Dataset records START

lemma nontrivial_self_dual_code_if_asymmetric:
  fixes \<mu> :: "nat \<Rightarrow> 'k"
  assumes "\<mu> \<in> Hprod r e" "orbitC q \<mu> \<noteq> orbitC q (inv_tuple \<mu>)"
  shows "nontrivial_self_dual_code_exists r e a t"
proof -
  define c where "c = indicator_idempotent (orbitC q \<mu>)"
  have C: "orbitC q \<mu> \<subseteq> Hprod r e" using orbitC_subset_Hprod[OF assms(1)] .
  have c: "c \<in> elemsA r e" "\<forall>g. c g \<in> Fq" "c \<odot> c = c" "c \<odot> invol c = 0"
    using indicator_idempotent_in_elemsA indicator_idempotent_orbitC_in_Fq[OF assms(1)]
      indicator_idempotent_idem[OF CHAR_not_dvd_e C]
      indicator_idempotent_orth[OF CHAR_not_dvd_e C] inv_tuple_notin_orbitC[OF assms]
    by (simp_all add: c_def)
  have "c \<noteq> 0"
    using fourier_indicator_idempotent[OF CHAR_not_dvd_e C assms(1)] self_mem_orbitC[of \<mu>]
    by (auto simp: c_def)
  obtain f where f: "f \<in> elemsA r e" "f \<odot> f = f" "\<phi> \<circ> f = c"
    using lift_idempotent[OF c(1-3)] by blast
  have "f \<odot> invol f = 0" using f c(4) by (intro lift_orthogonal) (simp_all add: phi_mulA phi_invol)
  moreover have "f \<noteq> 0" using f(3) \<open>c \<noteq> 0\<close> by auto
  ultimately have "idempotent_code f \<noteq> trivial_code r e a t"
    using idempotent_notin_trivial_code idempotent_in_idempotent_code f(1,2) by blast
  thus ?thesis
    using idealA_idempotent_code idempotent_code_self_dual f \<open>f \<odot> invol f = 0\<close>
    unfolding nontrivial_self_dual_code_exists_def by blast
qed

end

theorem mainTheorem11:
  fixes a :: "'r::comm_ring_1" and t p q r :: nat and e :: "nat \<Rightarrow> nat"
    and \<phi> :: "'r \<Rightarrow> 'k::alg_closed_field"
  assumes chain: "finite_chain_ring TYPE('r)"
    and max: "is_maximal_ideal (principal_ideal a)"
    and nil: "nilpotency_index a t" and teven: "even t"
    and qdef: "q = residue_card a"
    and pprime: "prime p" and pchar: "of_nat p \<in> principal_ideal a"
    and epos: "\<forall>k<r. 0 < e k" and ecop: "\<forall>k<r. \<not> p dvd e k"
    and clos: "alg_closure_of_residue \<phi> a"
  shows "nontrivial_self_dual_code_exists r e a t \<longleftrightarrow>
         (\<exists>\<mu> \<in> (Hprod r e :: (nat \<Rightarrow> 'k) set). orbitC q \<mu> \<noteq> orbitC q (inv_tuple \<mu>))"
proof -
  interpret abelian_code_setting a t \<phi> p q r e
    by unfold_locales (fact chain max nil qdef pprime pchar clos epos teven ecop)+
  show ?thesis
    using no_nontrivial_self_dual_code nontrivial_self_dual_code_if_asymmetric by blast
qed

end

Dataset records END

> [Required action] Up to and including the line that contains "define c where", output the records above exactly, beginning with their first line.

> [Answer to this exercise]
lemma nontrivial_self_dual_code_if_asymmetric:
  fixes \<mu> :: "nat \<Rightarrow> 'k"
  assumes "\<mu> \<in> Hprod r e" "orbitC q \<mu> \<noteq> orbitC q (inv_tuple \<mu>)"
  shows "nontrivial_self_dual_code_exists r e a t"
proof -
  define c where "c = indicator_idempotent (orbitC q \<mu>)"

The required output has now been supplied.